Я вышла из кабинета под предлогом, что забыла телефон на кухне. Зайдя в ванную и заперев дверь на защелку, я сползла по холодному кафелю. Меня трясло крупной дрожью, зубы стучали. Первый акт был сыгран. Но впереди была целая неделя. Неделя жизни с врагом под одной крышей. Неделя лжи, улыбок и ненависти.

Я достала телефон дрожащими пальцами и набрала номер Ани, моей школьной подруги.

— Ань, привет. Не спишь? Прости, что поздно. Мне нужна помощь. Нет, не просто совет. Мне нужно провернуть одну сделку. Срочно. И мне нужно, чтобы это было сюрпризом. Очень, очень неприятным сюрпризом для одного человека.

Эта неделя стала самым длинным и изощренным испытанием в моей жизни. Каждый день растягивался в вечность, каждая минута рядом с ним была пыткой. Я просыпалась в одной постели с человеком, который планировал меня уничтожить, варила ему кофе, гладила рубашки, желала хорошего дня, а внутри меня всё выжигала черная дыра ненависти.

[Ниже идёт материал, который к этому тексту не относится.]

lemma ndag_cone_eq:
  "ndag_cone \<Lambda> = {f\<in>Ndag V. \<forall>s\<in>top_simplices \<Lambda>. \<forall>d\<in>V - s. 0 \<le> f (nvec s d)}"
proof -
  have "(\<forall>m\<in>ncone \<Lambda>. 0 \<le> f m) \<longleftrightarrow> (\<forall>s\<in>top_simplices \<Lambda>. \<forall>d\<in>V - s. 0 \<le> f (nvec s d))"
    if "f \<in> Ndag V" for f
    by (rule ncone_nonneg_iff) (rule Ndag_sum[OF that finite_gen_pairs gen_pairs_Nsp])
  thus ?thesis
    unfolding ndag_cone_def by auto
qed

lemma dpair_nvec_ge:
  assumes s: "s \<in> top_simplices \<Lambda>" and d: "d \<in> V - s" and sp: "sperp \<Lambda> d \<subseteq> s"
    and r: "\<forall>v\<in>V. 0 \<le> r v"
  shows "r d \<le> dpair V r (nvec s d)"
proof -
  have "0 \<le> (\<Sum>v\<in>s. r v * nvec s d v)"
    using r nvec_nonneg[OF s d sp] top_simplex_subset_verts[OF s] by (auto intro!: sum_nonneg)
  thus ?thesis
    by (simp add: dpair_nvec[OF s d])
qed

lemma Cplus_Dplus:
  "Cplus \<Lambda> \<inter> Dplus V =
     {r\<in>Dplus V. \<forall>s\<in>top_simplices \<Lambda>. \<forall>d\<in>V - s. \<not> sperp \<Lambda> d \<subseteq> s \<longrightarrow> 0 \<le> dpair V r (nvec s d)}"
proof -
  have "0 \<le> dpair V r (nvec s d)"
    if "r \<in> Dplus V" "s \<in> top_simplices \<Lambda>" "d \<in> V - s" "sperp \<Lambda> d \<subseteq> s" for r s d
    using that dpair_nvec_ge[of s d r] unfolding Dplus_def by force
  thus ?thesis
    unfolding Cplus_eq nonneg_on_gens_def Dplus_def by blast
qed

subsection \<open>Interiors and images under \<open>\<iota>\<^sup>*\<close>\<close>

lemma dpair_nvec_eq_iota_star:
  "s \<in> top_simplices \<Lambda> \<Longrightarrow> d \<in> V - s \<Longrightarrow> dpair V r (nvec s d) = iota_star V r (nvec s d)"
  by (simp add: iota_star_def nvec_Nsp)

text \<open>The margin scales with the \<open>l\<^sup>1\<close>-norm of the generator, so that it survives
  perturbations of \<open>r\<close> in the sup-norm and of \<open>\<iota>\<^sup>* r\<close> in the dual norm.\<close>
lemma pos_on_gens_margin:
  assumes "pos_on_gens r"
  obtains e where "0 < e"
    and "\<And>s d. s \<in> top_simplices \<Lambda> \<Longrightarrow> d \<in> V - s \<Longrightarrow>
           e * (1 + (\<Sum>v\<in>V. \<bar>nvec s d v\<bar>)) \<le> dpair V r (nvec s d)"
proof -
  have "\<forall>p\<in>gen_pairs \<Lambda>. 0 < dpair V r (nvec (fst p) (snd p))"
    using assms unfolding pos_on_gens_def gen_pairs_def by auto
  moreover have "\<forall>p\<in>gen_pairs \<Lambda>. 0 < 1 + (\<Sum>v\<in>V. \<bar>nvec (fst p) (snd p) v\<bar>)"
    by (simp add: add_pos_nonneg sum_nonneg)
  ultimately obtain e where "0 < e"
    and "\<forall>p\<in>gen_pairs \<Lambda>. e * (1 + (\<Sum>v\<in>V. \<bar>nvec (fst p) (snd p) v\<bar>)) \<le> dpair V r (nvec (fst p) (snd p))"
    by (rule finite_uniform_margin[OF finite_gen_pairs])
  thus ?thesis
    using that unfolding gen_pairs_def by auto
qed
theorem lemma3p1:
  fixes c lam T_M :: real and f f' f'' :: "real \<Rightarrow> real"
  assumes c_pos: "c > 0"
    and lam_pos: "0 < lam" and lam_le: "lam \<le> T_M"
    and d1: "\<And>y. (f has_real_derivative f' y) (at y)"
    and d2: "\<And>y. (f' has_real_derivative f'' y) (at y)"
    and cont2: "continuous_on UNIV f''"
    and eqn: "\<And>y. f'' y - c * f' y - f y ^ 4
                  = - integral UNIV (\<lambda>\<eta>. E (y - \<eta>) * f \<eta> ^ 4)"
    and bounds: "\<And>y. lam \<le> f y \<and> f y \<le> T_M"
  shows "(\<exists>k. \<forall>y. f y = k) \<or>
         ((\<nexists>y0. \<forall>y. f y \<le> f y0) \<and> (\<nexists>y0. \<forall>y. f y0 \<le> f y))"
proof -
  have pos: "0 < f y" for y
    using bounds[of y] lam_pos by linarith
  have f4_cont: "continuous_on UNIV (\<lambda>\<eta>. f \<eta> ^ 4)"
    using d1 by (intro continuous_intros continuous_at_imp_continuous_on) (auto intro: DERIV_isCont)
  have "f \<eta> ^ 4 \<le> T_M ^ 4" for \<eta>
    using bounds pos less_imp_le by (intro power_mono) auto
  then have f4_bdd: "bounded (range (\<lambda>\<eta>. f \<eta> ^ 4))"
    unfolding bounded_iff by (intro exI[of _ "T_M ^ 4"]) auto
  have f4_mono: "f x \<le> f y \<longleftrightarrow> f x ^ 4 \<le> f y ^ 4" for x y
    using pos[of x] pos[of y] by simp
  have "f y = f y0" if "\<forall>y. f y \<le> f y0" for y y0
    using that by (intro E_equation_max_imp_const[OF d1 d2 f4_cont f4_bdd f4_mono eqn]) auto
  moreover have "f y = f y0" if "\<forall>y. f y0 \<le> f y" for y y0
  proof -
    have "- f y = - f y0"
    proof (rule E_equation_max_imp_const[where f = "\<lambda>x. - f x" and f' = "\<lambda>x. - f' x"
          and f'' = "\<lambda>x. - f'' x" and u = "\<lambda>\<eta>. - (f \<eta> ^ 4)" and c = c])
      show "((\<lambda>x. - f x) has_real_derivative - f' y) (at y)"
        "((\<lambda>x. - f' x) has_real_derivative - f'' y) (at y)" for y
        using d1 d2 by (auto intro: derivative_intros)
      show "- f'' y - c * - f' y - - (f y ^ 4)
              = - integral UNIV (\<lambda>\<eta>. E (y - \<eta>) * - (f \<eta> ^ 4))" for y
        using eqn[of y] by simp
    qed (use that f4_cont f4_bdd f4_mono in \<open>auto intro: continuous_intros\<close>)
    then show ?thesis
      by simp
  qed
  ultimately show ?thesis
    by blast
qed

end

Я наблюдала за ним, словно биолог, изучающий поведение ядовитого насекомого. Раньше я не замечала деталей, списывая всё на усталость или особенности характера, но теперь шоры упали, и я видела всё.

Вот он приходит с работы и первым делом проверяет телефон, пряча экран от меня. Пишет отчет маме? Или уже присматривает новую жертву на сайте знакомств? Вот он говорит с Галиной Петровной, уходя на балкон и плотно закрывая балконную дверь, хотя на улице холодно. Через стекло я видела его жестикуляцию — возбужденную, торжествующую. Вот он смотрит на меня, когда думает, что я занята книгой — и в этом взгляде нет ни капли любви, только холодный расчет, оценка (сколько еще терпеть?) и брезгливость.

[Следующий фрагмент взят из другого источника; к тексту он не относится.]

section \<open>Souslin representations\<close>

text \<open>The projection to \<open>lim T\<close> of the closed subset of \<open>lim T \<times> W\<^sup>\<omega>\<close> determined by \<open>Q\<close>.\<close>
definition suslin :: "'a list set \<Rightarrow> 'w set \<Rightarrow> ('a list \<times> 'w list) set \<Rightarrow> (nat \<Rightarrow> 'a) set" where
  "suslin T W Q = {\<nu> \<in> lim T. \<exists>w. (\<forall>n. w n \<in> W) \<and> (\<forall>n. (stem \<nu> n, stem w (Suc n)) \<in> Q)}"

definition is_suslin :: "'a list set \<Rightarrow> (nat \<Rightarrow> 'a) set \<Rightarrow> bool" where
  "is_suslin T X \<longleftrightarrow> (\<exists>Q :: ('a list \<times> nat list) set. X = suslin T UNIV Q)"

lemma mem_suslin_UNIV:
  "\<nu> \<in> suslin T UNIV Q \<longleftrightarrow> \<nu> \<in> lim T \<and> (\<exists>w. \<forall>n. (stem \<nu> n, stem w (Suc n)) \<in> Q)"
  unfolding suslin_def by simp

lemma is_suslin_subset_lim: "is_suslin T X \<Longrightarrow> X \<subseteq> lim T"
  unfolding is_suslin_def suslin_def by blast

lemma suslin_map_witness:
  assumes "surj g"
  shows "suslin T UNIV {(\<eta>, s). (\<eta>, map g s) \<in> Q} = suslin T UNIV Q"
proof (intro set_eqI iffI)
  fix \<nu> assume "\<nu> \<in> suslin T UNIV {(\<eta>, s). (\<eta>, map g s) \<in> Q}"
  then obtain w where "\<nu> \<in> lim T" "\<forall>n. (stem \<nu> n, stem (g \<circ> w) (Suc n)) \<in> Q"
    unfolding mem_suslin_UNIV by (auto simp del: upt_Suc)
  then show "\<nu> \<in> suslin T UNIV Q" unfolding mem_suslin_UNIV by blast
next
  fix \<nu> assume "\<nu> \<in> suslin T UNIV Q"
  then obtain w where "\<nu> \<in> lim T" "\<forall>n. (stem \<nu> n, stem w (Suc n)) \<in> Q"
    unfolding mem_suslin_UNIV by blast
  moreover have "map g (stem (inv g \<circ> w) n) = stem w n" for n
    by (simp add: surj_f_inv_f[OF assms])
  ultimately show "\<nu> \<in> suslin T UNIV {(\<eta>, s). (\<eta>, map g s) \<in> Q}"
    unfolding mem_suslin_UNIV mem_Collect_eq case_prod_conv by metis
qed

lemma is_suslin_suslin_nat_pairs: "is_suslin T (suslin T (UNIV :: (nat \<times> nat) set) Q)"
  unfolding is_suslin_def using suslin_map_witness[OF surj_prod_decode, of T Q] by blast

text \<open>The first coordinate of the witness names the member of the union; it must stay constant.\<close>
definition union_code :: "('i \<Rightarrow> ('a list \<times> 'w list) set) \<Rightarrow> ('a list \<times> ('i \<times> 'w) list) set" where
  "union_code Qf = {(\<eta>, s). s \<noteq> [] \<and> (\<forall>x\<in>set s. fst x = fst (hd s)) \<and> (\<eta>, map snd s) \<in> Qf (fst (hd s))}"

lemma union_code_witness_iff:
  "(\<forall>n. (stem \<nu> n, stem w (Suc n)) \<in> union_code Qf) \<longleftrightarrow>
   (\<forall>n. fst (w n) = fst (w 0)) \<and> (\<forall>n. (stem \<nu> n, stem (snd \<circ> w) (Suc n)) \<in> Qf (fst (w 0)))"
proof -
  have "(stem \<nu> n, stem w (Suc n)) \<in> union_code Qf \<longleftrightarrow>
    (\<forall>m<Suc n. fst (w m) = fst (w 0)) \<and> (stem \<nu> n, stem (snd \<circ> w) (Suc n)) \<in> Qf (fst (w 0))" for n
    unfolding union_code_def
    by (simp add: hd_map atLeast0LessThan del: upt_Suc) (simp only: Ball_def lessThan_iff)
  then show ?thesis using lessI by blast
qed

lemma suslin_UN:
  "(\<Union>i\<in>L. suslin T W (Qf i)) = suslin T (L \<times> W) (union_code Qf)"
proof (intro set_eqI iffI)
  fix \<nu> assume "\<nu> \<in> (\<Union>i\<in>L. suslin T W (Qf i))"
  then obtain i w where "i \<in> L" "\<nu> \<in> lim T" "\<forall>n. w n \<in> W"
    "\<forall>n. (stem \<nu> n, stem w (Suc n)) \<in> Qf i"
    unfolding suslin_def by blast
  moreover have "snd \<circ> (\<lambda>n. (i, w n)) = w" by auto
  ultimately show "\<nu> \<in> suslin T (L \<times> W) (union_code Qf)"
    unfolding suslin_def union_code_witness_iff
    by (intro CollectI conjI exI[of _ "\<lambda>n. (i, w n)"]) auto
next
  fix \<nu> assume "\<nu> \<in> suslin T (L \<times> W) (union_code Qf)"
  then obtain w where "\<nu> \<in> lim T" "\<forall>n. w n \<in> L \<times> W"
    "\<forall>n. (stem \<nu> n, stem (snd \<circ> w) (Suc n)) \<in> Qf (fst (w 0))"
    unfolding suslin_def union_code_witness_iff by blast
  then show "\<nu> \<in> (\<Union>i\<in>L. suslin T W (Qf i))"
    unfolding suslin_def
    by (intro UN_I[of "fst (w 0)"] CollectI conjI exI[of _ "snd \<circ> w"]) (auto simp: mem_Times_iff)
qed

lemma is_suslin_UN:
  assumes "\<And>n::nat. is_suslin T (A n)"
  shows "is_suslin T (\<Union>n. A n)"
proof -
  obtain Qf where "\<And>n. A n = suslin T UNIV (Qf n :: (_ \<times> nat list) set)"
    using assms unfolding is_suslin_def by metis
  then have "(\<Union>n. A n) = suslin T UNIV (union_code Qf)"
    using suslin_UN[where L = UNIV and W = UNIV and Qf = Qf and T = T] by simp
  then show ?thesis
    using is_suslin_suslin_nat_pairs by metis
qed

— Ты какая-то задумчивая, Лен, — сказал он во вторник за ужином, ковыряя вилкой в салате. — Случилось чего? Или передумала насчет пятницы?

В его голосе проскользнула паника. Он боялся, что рыбка сорвется с крючка в последний момент.

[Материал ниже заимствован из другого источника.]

(* Let $X_\Sigma$ be a projective toric variety. For each primitive collection $C$ of $\Sigma$ there is a one-parameter subgroup $\lambda(C)\in\Gamma(G)$ such that for every point $x\in V(x_\rho:\rho\in C)\subset\mathbf C^{\Sigma(1)}$ and every ample divisor $D$ on $X_\Sigma$, the limit $\lim_{t\to0}\lambda(C)(t)\cdot x$ exists and $\langle\chi_D,\lambda(C)\rangle<0$ (i.e. $\lambda(C)$ fails the Hilbert–Mumford criterion for $x$ with respect to $\chi_D$). Moreover, if $\Sigma$ is simplicial, $-\lambda(C)$ is a positive integer multiple of the primitive relation of $C$.
   Context: $\Sigma$ is a complete fan in $N_{\mathbf R}$ ($N$ a lattice) with rays $\Sigma(1)$, primitive ray generators $u_\rho$, torus-invariant divisors $D_\rho$. A primitive collection is a subset $C\subset\Sigma(1)$ not contained in $\sigma(1)$ for any cone $\sigma\in\Sigma$, every proper subset of which is contained in some $\sigma(1)$. $G=\mathrm{Hom}_{\mathbf Z}(\mathrm{Cl}(X_\Sigma),\mathbf C^\times)\subset(\mathbf C^\times)^{\Sigma(1)}$ acts coordinatewise on $\mathbf C^{\Sigma(1)}=\mathrm{Spec}\,\mathbf C[x_\rho:\rho\in\Sigma(1)]$; its one-parameter subgroups are $\Gamma(G)=\{b\in\mathbf Z^{\Sigma(1)}:\sum_\rho b_\rho u_\rho=0\}$ acting by $b(t)\cdot x=(t^{b_\rho}x_\rho)_\rho$, and for a divisor $D=\sum_\rho a_\rho D_\rho$ with associated character $\chi_D$ of $G$, $\langle\chi_D,b\rangle=\sum_\rho a_\rho b_\rho$. Primitive relation (for $\Sigma$ simplicial): $u=\sum_{\rho\in C}u_\rho$ lies in the relative interior of a unique cone $\sigma\in\Sigma$, and $u=\sum_{\rho\in\sigma(1)}q_\rho u_\rho$ with unique $q_\rho\in\mathbf Q_{\ge0}$; the primitive relation of $C$ is $r\in\mathbf Q^{\Sigma(1)}$ with $r_\rho=1$ for $\rho\in C\setminus\sigma(1)$, $r_\rho=1-q_\rho$ for $\rho\in C\cap\sigma(1)$, $r_\rho=-q_\rho$ for $\rho\in\sigma(1)\setminus C$, and $r_\rho=0$ otherwise. *)

theory Defs
  imports "HOL-Analysis.Analysis"
begin

text \<open>Lattice N = Z^n, with n given by a finite index type 'n; rays of the fan are indexed
  by a finite type 'r (= Sigma(1)); u :: 'r => int^'n gives the primitive ray generators.
  A cone of the fan is recorded by its set of rays sigma(1) (a subset of 'r);
  the fan itself is the set F of these ray sets.\<close>

definition ipair :: "int ^ 'n \<Rightarrow> int ^ 'n \<Rightarrow> int" where
  "ipair m v = (\<Sum>i\<in>UNIV. m $ i * v $ i)"

definition realv :: "int ^ 'n \<Rightarrow> real ^ 'n" where
  "realv v = (\<chi> i. real_of_int (v $ i))"

definition cone_gen :: "('r \<Rightarrow> int ^ 'n) \<Rightarrow> 'r set \<Rightarrow> (real ^ 'n) set" where
  "cone_gen u S = {x. \<exists>c. (\<forall>\<rho>\<in>S. c \<rho> \<ge> 0) \<and> x = (\<Sum>\<rho>\<in>S. c \<rho> *\<^sub>R realv (u \<rho>))}"

definition primitive_vec :: "int ^ 'n \<Rightarrow> bool" where
  "primitive_vec v \<longleftrightarrow> v \<noteq> 0 \<and> (\<forall>(k::int) w. v = k *s w \<longrightarrow> k = 1 \<or> k = -1)"

definition is_fan :: "('r::finite \<Rightarrow> int ^ 'n) \<Rightarrow> 'r set set \<Rightarrow> bool" where
  "is_fan u F \<longleftrightarrow>
     (\<forall>\<rho>. primitive_vec (u \<rho>)) \<and>
     (\<forall>\<rho>. {\<rho>} \<in> F) \<and>
     (\<forall>S\<in>F. cone_gen u S \<inter> uminus ` cone_gen u S = {0}) \<and>
     (\<forall>S\<in>F. \<forall>T\<in>F. cone_gen u T \<subseteq> cone_gen u S \<longrightarrow> T \<subseteq> S) \<and>
     (\<forall>S\<in>F. \<forall>K. K face_of cone_gen u S \<and> K \<noteq> {} \<longrightarrow> (\<exists>T\<in>F. T \<subseteq> S \<and> K = cone_gen u T)) \<and>
     (\<forall>S\<in>F. \<forall>T\<in>F. (cone_gen u S \<inter> cone_gen u T) face_of cone_gen u S \<and>
                     (cone_gen u S \<inter> cone_gen u T) face_of cone_gen u T)"

definition complete_fan :: "('r::finite \<Rightarrow> int ^ 'n) \<Rightarrow> 'r set set \<Rightarrow> bool" where
  "complete_fan u F \<longleftrightarrow> is_fan u F \<and> (\<Union>S\<in>F. cone_gen u S) = UNIV"

definition simplicial_fan :: "('r::finite \<Rightarrow> int ^ 'n) \<Rightarrow> 'r set set \<Rightarrow> bool" where
  "simplicial_fan u F \<longleftrightarrow> (\<forall>S\<in>F. inj_on (\<lambda>\<rho>. realv (u \<rho>)) S \<and>
                                   independent ((\<lambda>\<rho>. realv (u \<rho>)) ` S))"

text \<open>Ampleness of the torus-invariant divisor D = sum a_rho D_rho on the complete toric
  variety X_Sigma (Cox-Little-Schenck, Thm 6.1.14 / Lemma 6.1.13): D is Cartier, i.e. for each
  maximal cone sigma there is m_sigma in M with <m_sigma,u_rho> = -a_rho for rho in sigma(1),
  and its support function is strictly convex: <m_sigma,u_rho> > -a_rho for rho not in sigma(1).\<close>
definition ample :: "('r::finite \<Rightarrow> int ^ 'n) \<Rightarrow> 'r set set \<Rightarrow> ('r \<Rightarrow> int) \<Rightarrow> bool" where
  "ample u F a \<longleftrightarrow>
     (\<forall>S\<in>F. interior (cone_gen u S) \<noteq> {} \<longrightarrow>
        (\<exists>m::int ^ 'n. (\<forall>\<rho>\<in>S. ipair m (u \<rho>) = - a \<rho>) \<and>
                       (\<forall>\<rho>. \<rho> \<notin> S \<longrightarrow> ipair m (u \<rho>) > - a \<rho>)))"

definition projective_fan :: "('r::finite \<Rightarrow> int ^ 'n) \<Rightarrow> 'r set set \<Rightarrow> bool" where
  "projective_fan u F \<longleftrightarrow> complete_fan u F \<and> (\<exists>a. ample u F a)"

— Голова болит, — солгала я, притворно потирая виски. — И на работе давят, начальница звереет. Скорее бы пятница, закрыть этот вопрос с дачей и выдохнуть. Хочу уже, чтобы всё было твоим. Чтобы ты чувствовал себя главой семьи.

— Да, скорее бы, — подхватил он, даже не скрывая энтузиазма. — Ты не представляешь, как это нас сблизит. Общее дело, общая земля — это фундамент брака.

В среду был контрольный выстрел. Галина Петровна решила нанести визит вежливости, чтобы «закрепить успех». Она приехала днем, якобы передать мне банки с соленьями.

— Леночка, деточка! — её голос сочился патокой, когда она вошла в прихожую. — Как ты похудела, бедненькая! Игорек сказал, вы в пятницу оформляете документы? Какое мудрое, взрослое решение! Семья должна иметь крепкий тыл.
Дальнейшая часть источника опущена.